Sorbus aucuparia L.

A very variable sexual diploid (2n=34) species. By far the most widely distributed species in the whole genus in the interpretation adopted in this work. Since isolated trees fruit heavily and yield viable seed, and yellow fruited cultivars tend to yield yellow fruited offspring, it might be deduced that most individuals are self compatible. However, the excellent summary of all aspects of the biology and ecology of S. aucuparia provided in the UK ‘Biological Flora’ account (Raspé et al., 2000) describes conflicting results in different studies while emphasising the better fruit and seed set with outbreeding as expected for most trees (Petit & Hampe, 2006).

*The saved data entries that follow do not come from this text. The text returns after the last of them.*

definition is_projection :: "('a::complex_inner \<Rightarrow> 'a) \<Rightarrow> bool" where
  "is_projection E \<longleftrightarrow> (\<forall>x y. cinner (E x) y = cinner x (E y)) \<and> (\<forall>x. E (E x) = E x)"

lemma is_projection_comp:
  assumes E: "is_projection E" and F: "is_projection F" and EF: "commute E F"
  shows "is_projection (E \<circ> F)"
    and "{x. (E \<circ> F) x = x} = {x. E x = x} \<inter> {x. F x = x}"
proof -
  have EF': "E (F x) = F (E x)" for x using EF by (simp add: commute_iff)
  show "is_projection (E \<circ> F)"
    using E F unfolding is_projection_def by (simp add: EF')
  have "E x = x \<and> F x = x" if "E (F x) = x" for x
    using E F that EF' unfolding is_projection_def by metis
  thus "{x. (E \<circ> F) x = x} = {x. E x = x} \<inter> {x. F x = x}" by auto
qed

lemma projection_onto_common_fixed_points:
  fixes E :: "'i \<Rightarrow> 'a::complex_inner \<Rightarrow> 'a"
  assumes "finite J" "\<And>j. j \<in> J \<Longrightarrow> is_projection (E j)"
    and "\<And>i j. i \<in> J \<Longrightarrow> j \<in> J \<Longrightarrow> commute (E i) (E j)"
  shows "\<exists>F. is_projection F \<and> {x. F x = x} = (\<Inter>j\<in>J. {x. E j x = x})
           \<and> (\<forall>S. (\<forall>j\<in>J. commute S (E j)) \<longrightarrow> commute S F)"
  using assms
proof (induction J rule: finite_induct)
  case empty
  show ?case by (intro exI[of _ id]) (auto simp: is_projection_def commute_def)
next
  case (insert j J)
  then obtain F where F: "is_projection F" "{x. F x = x} = (\<Inter>j\<in>J. {x. E j x = x})"
    and F_comm: "\<And>S. \<forall>j\<in>J. commute S (E j) \<Longrightarrow> commute S F"
    by blast
  have EjF: "commute (E j) F" using F_comm insert.prems(2) by blast
  have "commute S (E j \<circ> F)" if "\<forall>i\<in>insert j J. commute S (E i)" for S
    using that F_comm[of S] unfolding commute_def by (metis comp_assoc insert_iff)
  moreover have "{x. (E j \<circ> F) x = x} = (\<Inter>i\<in>insert j J. {x. E i x = x})"
    using is_projection_comp(2)[OF insert.prems(1) F(1) EjF] F(2) by simp
  ultimately show ?case
    using is_projection_comp(1)[OF insert.prems(1) F(1) EjF] by blast
qed

lemma reduces_fixed_points:
  assumes E: "is_projection E" and TE: "commute T E" and T0: "T 0 = 0"
  shows "reduces {x. E x = x} T"
  unfolding reduces_def
proof
  show "T ` {x. E x = x} \<subseteq> {x. E x = x}"
    using commute_fixed_points[OF TE] by auto
  have "T y \<in> orth {x. E x = x}" if y: "y \<in> orth {x. E x = x}" for y
  proof -
    have "cinner (E y) (E y) = cinner (E y) y"
      using E unfolding is_projection_def by metis
    also have "\<dots> = 0" using y E unfolding orth_def is_projection_def by auto
    finally have "E y = 0" using cinner_eq_zero_iff by blast
    have "cinner x (T y) = 0" if "E x = x" for x
    proof -
      have "cinner x (T y) = cinner x (E (T y))"
        using E that unfolding is_projection_def by metis
      also have "E (T y) = T (E y)" using TE by (simp add: commute_iff)
      finally show ?thesis using \<open>E y = 0\<close> T0 by simp
    qed
    thus ?thesis unfolding orth_def by blast
  qed
  thus "T ` orth {x. E x = x} \<subseteq> orth {x. E x = x}" by blast
qed
text \<open>For \<open>|\<omega>| = 1\<close> the Hermitian Laplacian factors as \<open>L\<^sub>\<omega>(G') = X X\<^sup>*\<close>, where \<open>X\<close> has one
  column per arc \<open>(u, v) \<in> E'\<close>, with entry \<open>1\<close> at \<open>u\<close> and \<open>-\<omega>\<^sup>*\<close> at \<open>v\<close>. If a vertex set
  \<open>C \<subseteq> V'\<close> met fewer arcs than it has vertices, then only those few columns are nonzero on
  \<open>C\<close>, so some nonzero vector supported on \<open>C\<close> is orthogonal to every column and lies in
  the kernel of \<open>L\<^sub>\<omega>(G')\<close>. Hence a nonsingular Laplacian gives \<open>|V'\<^sub>i| \<le> |E'\<^sub>i|\<close> for every
  component; as the components partition \<open>V'\<close> and have disjoint arc sets,
  \<open>|V'| \<le> \<Sum>\<^sub>i |E'\<^sub>i| \<le> |E'| \<le> |V'|\<close>, and all these inequalities are equalities.\<close>

lemma det_on_eq_det_mat:
  fixes M :: "'v \<Rightarrow> 'v \<Rightarrow> complex"
  assumes f: "bij_betw f {0..<n} S"
  shows "det_on S M = det (mat n n (\<lambda>(i, j). M (f i) (f j)))"
proof -
  define g where "g = inv_into {0..<n} f"
  have g: "bij_betw g S {0..<n}" unfolding g_def by (rule bij_betw_inv_into[OF f])
  have gf: "\<And>x. x \<in> {0..<n} \<Longrightarrow> g (f x) = x" unfolding g_def using f bij_betw_inv_into_left by fast
  have fg: "\<And>x. x \<in> S \<Longrightarrow> f (g x) = x" unfolding g_def using f bij_betw_inv_into_right by fast
  have inj: "inj_on f {0..<n}" using f bij_betw_def by blast
  define h where "h = map_permutation {0..<n} f"
  have h: "bij_betw h {p. p permutes {0..<n}} {q. q permutes S}"
  proof (rule bij_betw_byWitness[where f' = "map_permutation S g"])
    show "\<forall>p\<in>{p. p permutes {0..<n}}. map_permutation S g (h p) = p"
      unfolding h_def using map_permutation_compose_inv[OF f _ gf] by auto
    show "\<forall>q\<in>{q. q permutes S}. h (map_permutation S g q) = q"
      unfolding h_def using map_permutation_compose_inv[OF g _ fg] by auto
    show "h ` {p. p permutes {0..<n}} \<subseteq> {q. q permutes S}"
      unfolding h_def using map_permutation_permutes[OF f] by auto
    show "map_permutation S g ` {q. q permutes S} \<subseteq> {p. p permutes {0..<n}}"
      using map_permutation_permutes[OF g] by auto
  qed
  have "det_on S M = (\<Sum>p | p permutes {0..<n}. of_int (sign (h p)) * (\<Prod>i\<in>S. M i (h p i)))"
    unfolding det_on_def by (rule sum.reindex_bij_betw[OF h, symmetric])
  also have "\<dots> = (\<Sum>p | p permutes {0..<n}.
      signof p * (\<Prod>i = 0..<n. mat n n (\<lambda>(i, j). M (f i) (f j)) $$ (i, p i)))"
  proof (rule sum.cong[OF refl])
    fix p assume "p \<in> {p. p permutes {0..<n}}"
    hence p: "p permutes {0..<n}" by simp
    have "sign (h p) = sign p" unfolding h_def by (rule sign_map_permutation[OF inj p]) simp
    moreover have "(\<Prod>i\<in>S. M i (h p i)) = (\<Prod>i\<in>{0..<n}. M (f i) (h p (f i)))"
      by (rule prod.reindex_bij_betw[OF f, symmetric])
    moreover have "\<dots> = (\<Prod>i = 0..<n. mat n n (\<lambda>(i, j). M (f i) (f j)) $$ (i, p i))"
      by (rule prod.cong[OF refl])
        (use p permutes_in_image[OF p] in \<open>auto simp: h_def map_permutation_apply[OF inj]\<close>)
    ultimately show "of_int (sign (h p)) * (\<Prod>i\<in>S. M i (h p i)) =
        signof p * (\<Prod>i = 0..<n. mat n n (\<lambda>(i, j). M (f i) (f j)) $$ (i, p i))"
      by simp
  qed
  also have "\<dots> = det (mat n n (\<lambda>(i, j). M (f i) (f j)))"
    by (rule det_def'[symmetric]) simp
  finally show ?thesis .
qed

lemma det_on_eq_0_iff:
  fixes M :: "'v \<Rightarrow> 'v \<Rightarrow> complex"
  assumes "finite S"
  shows "det_on S M = 0 \<longleftrightarrow> (\<exists>y. (\<exists>j\<in>S. y j \<noteq> 0) \<and> (\<forall>i\<in>S. (\<Sum>j\<in>S. M i j * y j) = 0))"
proof -
  define n where "n = card S"
  obtain f where f: "bij_betw f {0..<n} S" using ex_bij_betw_nat_finite[OF assms] n_def by blast
  define g where "g = inv_into {0..<n} f"
  have g: "bij_betw g S {0..<n}" unfolding g_def by (rule bij_betw_inv_into[OF f])
  have gf: "\<And>x. x \<in> {0..<n} \<Longrightarrow> g (f x) = x" unfolding g_def using f bij_betw_inv_into_left by fast
  have fg: "\<And>x. x \<in> S \<Longrightarrow> f (g x) = x" unfolding g_def using f bij_betw_inv_into_right by fast
  have f_in: "\<And>i. i < n \<Longrightarrow> f i \<in> S" using f bij_betwE by fastforce
  have g_in: "\<And>s. s \<in> S \<Longrightarrow> g s < n" using g bij_betwE by fastforce
  define A where "A = mat n n (\<lambda>(i, j). M (f i) (f j))"
  have A: "A \<in> carrier_mat n n" unfolding A_def by simp
  have mult_vec: "(A *\<^sub>v v) $ i = (\<Sum>t\<in>S. M (f i) t * v $ g t)"
    if "v \<in> carrier_vec n" "i < n" for v i
  proof -
    have "(A *\<^sub>v v) $ i = (\<Sum>j\<in>{0..<n}. M (f i) (f j) * v $ g (f j))"
      using that gf unfolding A_def by (auto simp: scalar_prod_def intro: sum.cong)
    also have "\<dots> = (\<Sum>t\<in>S. M (f i) t * v $ g t)"
      by (rule sum.reindex_bij_betw[OF f])
    finally show ?thesis .
  qed
  have "det_on S M = 0 \<longleftrightarrow> (\<exists>v. v \<in> carrier_vec n \<and> v \<noteq> 0\<^sub>v n \<and> A *\<^sub>v v = 0\<^sub>v n)"
    using det_on_eq_det_mat[OF f] det_0_iff_vec_prod_zero[OF A] unfolding A_def by simp
  also have "\<dots> \<longleftrightarrow> (\<exists>y. (\<exists>j\<in>S. y j \<noteq> 0) \<and> (\<forall>i\<in>S. (\<Sum>j\<in>S. M i j * y j) = 0))"
  proof
    assume "\<exists>v. v \<in> carrier_vec n \<and> v \<noteq> 0\<^sub>v n \<and> A *\<^sub>v v = 0\<^sub>v n"
    then obtain v where v: "v \<in> carrier_vec n" "v \<noteq> 0\<^sub>v n" "A *\<^sub>v v = 0\<^sub>v n" by blast
    obtain i where i: "i < n" "v $ i \<noteq> 0"
      using v(1,2) by (metis carrier_vecD eq_vecI index_zero_vec(1,2))
    show "\<exists>y. (\<exists>j\<in>S. y j \<noteq> 0) \<and> (\<forall>i\<in>S. (\<Sum>j\<in>S. M i j * y j) = 0)"
    proof (intro exI[of _ "\<lambda>t. v $ g t"] conjI ballI)
      show "\<exists>j\<in>S. v $ g j \<noteq> 0" using i f_in gf by (intro bexI[of _ "f i"]) auto
      fix s assume s: "s \<in> S"
      have "(A *\<^sub>v v) $ g s = 0" using v(3) g_in[OF s] by simp
      thus "(\<Sum>j\<in>S. M s j * v $ g j) = 0" using mult_vec[OF v(1) g_in[OF s]] fg[OF s] by simp
    qed
  next
    assume "\<exists>y. (\<exists>j\<in>S. y j \<noteq> 0) \<and> (\<forall>i\<in>S. (\<Sum>j\<in>S. M i j * y j) = 0)"
    then obtain y s where y: "s \<in> S" "y s \<noteq> 0" "\<forall>i\<in>S. (\<Sum>j\<in>S. M i j * y j) = 0" by blast
    define v where "v = vec n (\<lambda>j. y (f j))"
    have v: "v \<in> carrier_vec n" unfolding v_def by simp
    have v_g: "\<And>t. t \<in> S \<Longrightarrow> v $ g t = y t" unfolding v_def using g_in fg by simp
    have "v \<noteq> 0\<^sub>v n" using v_g[OF y(1)] y(2) g_in[OF y(1)] by auto
    moreover have "A *\<^sub>v v = 0\<^sub>v n"
    proof (rule eq_vecI)
      fix i assume "i < dim_vec (0\<^sub>v n :: complex vec)"
      hence i: "i < n" by simp
      have "(A *\<^sub>v v) $ i = (\<Sum>t\<in>S. M (f i) t * y t)" using mult_vec[OF v i] v_g by simp
      also have "\<dots> = 0" using y(3) f_in[OF i] by blast
      finally show "(A *\<^sub>v v) $ i = 0\<^sub>v n $ i" using i by simp
    qed (use A in simp)
    ultimately show "\<exists>v. v \<in> carrier_vec n \<and> v \<noteq> 0\<^sub>v n \<and> A *\<^sub>v v = 0\<^sub>v n" using v by blast
  qed
  finally show ?thesis .
qed

lemma det_on_zero_row:
  assumes "finite S" "c \<in> S" "\<And>w. M c w = 0"
  shows "det_on S M = 0"
  unfolding det_on_def
  by (rule sum.neutral) (use assms in \<open>auto intro!: prod_zero\<close>)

As interpreted here, Sorbus aucuparia occurs from Madeira, North Africa and Iceland in the west across Europe, Central and Northern Asia to North China and Kamchatka, but does not reach Japan or other offshore islands in East Asia. It probably only overlaps with other species of the genus in Northern China where S. discolor also grows, the hybrid between them being S. × pekinensis.

Although it is very variable, S. aucuparia can be distinguished from all other species of the genus by its blackish, ovoid, non-sticky buds with usually predominantly whitish hairs, rather untidy, non-leathery foliage, leaflets papillose beneath (x 70), and orange-red fruits with densely white-tomentose, free carpel apices forming a conical protuberance within the calyx.

In the mountains of Central Europe and in North Europe the more glabrous trees are named ssp. glabrata (=S. gorodkovii). At least in the north these trees are probably no more than a transition to the even more glabrous trees farther east in Siberia, often referred to S. sibirica, which also tend to have more delicate, more finely pointed and more deeply toothed leaflets and more conical, less hairy buds. This type of tree extends south into Mongolia and North China. It seems likely that these rowans are more or less continuously distributed from Europe across Asia and may well be continuous with populations of smaller trees on the North Eastern coast of Asia (Hulten 1971) which have been referred to S. amurensis, S. anadyrensis and S. kamschatcensis, and larger trees with very white-hairy hairy buds from North China which have been referred to S. pohuashanensis. An examination of type specimens of these species and of other specimens from the Amur region, Anadyria and Kamtschatka shows them to have papillose leaflets and to be almost indistinguishable, at least on the herbarium sheet, from European S. aucuparia. No character or character combination could be found which could distinguish these taxa from one another or from S. aucuparia. Taken together these taxa seem to form a single large variable population throughout Europe, North Africa and the Northern parts of Asia south to the Altai Mountains and are perhaps best treated as belonging to the single species S. aucuparia with the more distinct variants being recognized as subspecies.

It is interesting that this is the only geographically extensive, more or less continuously distributed species within the genus Sorbus, and that it is diploid and sexual. All other species are much more restricted in geographical distribution.

S. pohuashanensis of horticulture is an attractive tree characterised by large trusses of fruit, large, white-hairy buds and large broad leaflets, quite unlike the narrow, deeply cut leaflets of the trees from the Lake Baikal region of Siberia. Cultivated plants raised from seed collected in the wild in north-east China have the broad leaflets and white-hairy buds characteristic of the trees already in cultivation, so it seems quite possible that the trees in cultivation derive directly from Chinese seed and are not of hybrid origin as has been suggested (Clarke 1980.). Hybrids between S. aucuparia and S. esserteauiana, which are superficially similar to S. ‘pohuashanensis,’ can be distinguished from any of the variants of S. aucuparia by the more leathery texture of their leaflets and larger and more persistent stipules, stouter stems, shorter, fatter buds and smaller, harder, broader fruits which ripen late, all characters inherited from the S. esserteauiana parent.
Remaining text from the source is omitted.